Bring to Your Children a Better Understanding of the Other Sex

Vijai P. Sharma, Ph. D

During my early teens, when I realized I had begun to like women, my internal behavior came into a direct contrast with my outside behavior.  Inside, I was fascinated by women and I would fantasize about them.  Outside, I began to make fun of them and ridicule them.  I would say things like, "Women didn't have any intelligence, they didn't have any sense of humor.  Women would laugh at a joke twice, first time when everybody laughs and second time when they understand the joke.  The unkindest cut was my saying that women didn't have the sense of smell, therefore, it was possible for them to wash baby's bottoms and change diapers."  I made these "un-wisecracks" at home, the first time everybody laughed.  But when I downgraded women again, my mother took me aside.  She said, "Son, when you make fun of women, I want you to remember one thing.  Your mother and your older sister too are women."  

I had never made that connection.  To me, my mother was my mother, my sister was my sister and then there were all these women.  Here she put them all in one class, as if they were bonded by some kind of universal sisterhood.  I loved and admired my mother.  My sister, fourteen year older than I, was like my second mother.  That put an end to my having fun at the expense of women.  It was as if at that moment, I became indebted to women forever because two members of their species had given me all the love in the world and taught me everything I knew upto that point in my life.  I didn't even go to school until the third grade.  My sister taught me at home.  

The abuse and indignity inflicted on women has disturbed me from very early on.  I will not and knowingly cannot verbally or physically hurt a woman.  And the credit for it goes to my mother who made the connection for me, that they too were women.  I wish that more and more mothers and sisters will make that connection for their sons and brothers.  So men who have received tender loving care from women in their early years, may repay their debt to womanhood, later.  Perhaps men brought up in such a tradition will extend gentle love, tender care, and above all, respect for women with whom they come in contact in later years.  Above all, that they desist from hurting them physically or emotionally.  The trouble is that more and more boys are coming out of their homes into the society with little love or respect for men or women.  They are bitter.  They are angry with the adults who raised them or didn't put enough time, love, and effort in raising them.  They wait for the day when they are bigger and stronger, so they can take their turn to intimidate and hurt someone else for the pain they are carrying in their heart.  

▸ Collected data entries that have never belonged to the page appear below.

(* Let $\Delta\subset M_\mathbb{R}$ be a reflexive polytope with $\dim\Delta=\dim M_\mathbb{R}$, let $\{\Delta_1,\dots,\Delta_s\}$ be a nef-partition of $\Delta$ and $\{\nabla_1,\dots,\nabla_s\}$ its dual nef-partition. Let $p_i\in\nabla_i$ ($1\le i\le s$) with $\sum_{i=1}^sp_i=0$ and $\dim_\mathbb{R}\operatorname{Span}_\mathbb{R}\{p_1,\dots,p_s\}=s-r$. Then there exist pairwise disjoint nonempty sets $I_1,\dots,I_r$ with $\coprod_{k=1}^rI_k=\{1,\dots,s\}$ such that $\sum_{i\in I_k}p_i=0$ for each $k$. *)

theory Defs
  imports "HOL-Analysis.Analysis"
begin

text \<open>We model M_R = real^'n with lattice M = integer points, and identify
  N_R with real^'n via the standard inner product (the pairing of M and N).\<close>

definition lattice_point :: "real ^ 'n \<Rightarrow> bool" where
  "lattice_point x \<longleftrightarrow> (\<forall>i. x $ i \<in> \<int>)"

definition lattice_polytope :: "(real ^ 'n) set \<Rightarrow> bool" where
  "lattice_polytope P \<longleftrightarrow>
     (\<exists>V. finite V \<and> V \<noteq> {} \<and> (\<forall>v\<in>V. lattice_point v) \<and> P = convex hull V)"

definition polar_dual :: "(real ^ 'n) set \<Rightarrow> (real ^ 'n) set" where
  "polar_dual P = {y. \<forall>x\<in>P. x \<bullet> y \<ge> -1}"

definition reflexive_polytope :: "(real ^ 'n) set \<Rightarrow> bool" where
  "reflexive_polytope P \<longleftrightarrow>
     lattice_polytope P \<and> 0 \<in> interior P \<and> lattice_polytope (polar_dual P)"

definition minkowski_sum_family :: "nat \<Rightarrow> (nat \<Rightarrow> (real ^ 'n) set) \<Rightarrow> (real ^ 'n) set" where
  "minkowski_sum_family s D = {(\<Sum>i\<in>{1..s}. x i) | x. \<forall>i\<in>{1..s}. x i \<in> D i}"

definition nef_partition :: "(real ^ 'n) set \<Rightarrow> nat \<Rightarrow> (nat \<Rightarrow> (real ^ 'n) set) \<Rightarrow> bool" where
  "nef_partition \<Delta> s D \<longleftrightarrow> 1 \<le> s \<and>
     (\<forall>i\<in>{1..s}. lattice_polytope (D i) \<and> 0 \<in> D i) \<and>
     \<Delta> = minkowski_sum_family s D"

definition dual_nef_partition :: "nat \<Rightarrow> (nat \<Rightarrow> (real ^ 'n) set) \<Rightarrow> (nat \<Rightarrow> (real ^ 'n) set) \<Rightarrow> bool" where
  "dual_nef_partition s D N \<longleftrightarrow>
     (\<forall>i\<in>{1..s}. N i = {y. \<forall>j\<in>{1..s}. \<forall>x\<in>D j. x \<bullet> y \<ge> - (if i = j then 1 else 0)})"

end

theory Submission
  imports Defs
begin

text \<open>Call a set \<open>W \<subseteq> {1..s}\<close> of indices decoupled if \<open>\<langle>y, p i\<rangle> = 0\<close> whenever
  \<open>y \<in> \<Delta>\<^sub>j\<close>, \<open>j \<in> W\<close> and \<open>i \<notin> W\<close>. Because \<open>\<langle>y, p i\<rangle> \<ge> 0\<close> for \<open>y \<in> \<Delta>\<^sub>j\<close>, \<open>j \<noteq> i\<close>, and the
  \<open>p i\<close> sum to zero, \<open>W\<close> is decoupled iff \<open>\<Sum>\<^sub>i\<^sub>\<in>\<^sub>W p i = 0\<close>; that a decoupled set has zero sum
  uses that the origin is interior to \<open>\<Delta>\<close>. Decoupled sets are closed under complements and
  intersections, so the minimal ones (blocks) partition \<open>{1..s}\<close>. A minimum argument shows that
  every linear relation among the \<open>p i\<close> has constant coefficients on each block, so the span
  has dimension \<open>s\<close> minus the number of blocks. Hence there are exactly \<open>r\<close> blocks, and they
  form the required partition.\<close>

lemma partition_on_block_eq:
  assumes "partition_on A P" "B \<in> P" "B' \<in> P" "x \<in> B" "x \<in> B'"
  shows "B = B'"
  using assms by (meson disjointD disjoint_iff partition_onD2)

My father was someone to be feared and respected.  He loved us all dearly, but from a distance.  He would brag about his children and their little achievements to all the friends and visitors and would laugh at our antics when they were related to him by my mother or other family members.  But he was not demonstrative.  I don't remember if he hugged me during my childhood.  Whenever he set his eyes on us, he was always correcting us.  Whatever he saw us doing, he told us how to do it correctly.  For instance, how to sit or stand properly for a good posture, what should be distance between the eyes and the book, and how to hold the pen to write more legibly.  

The role played by my father as a supervisor and an instructor changed as I reached the age of 16 or 17.  No more corrections!  I guess he thought he has taught us all that he needed to and now he could take a break.  He began to sit and talk with us, put his arm around us, tell us his life stories, and often cut up.  He really put the guards down and let us see the other side of him.  We then came close to a father who was a very funny, loving and emotional man.  Thus, he began to share his feelings in addition to his knowledge and skills.  We saw for the first time that he was vulnerable like all of us.  He was tough as a nail when it came to endurance and meeting a challenge, but he was most caring and tender when it came to his family.  Earlier, I thought there was only one emotion he experienced, "anger."  One time, my oldest brother explained to me, that he and dad were like a coconut.  A coconut is hard from the outside but soft and tender from inside.  

I am so grateful to my father and brother that they let me see the gentler, kinder side of them.  Now I can be who I am.  I have the permission of my significant others to be tender and tough without any emotional confusion or challenge to my manhood.  Actually, I think I am a coconut that is split open.  You can see the tough shell and the soft pulp all in one glance.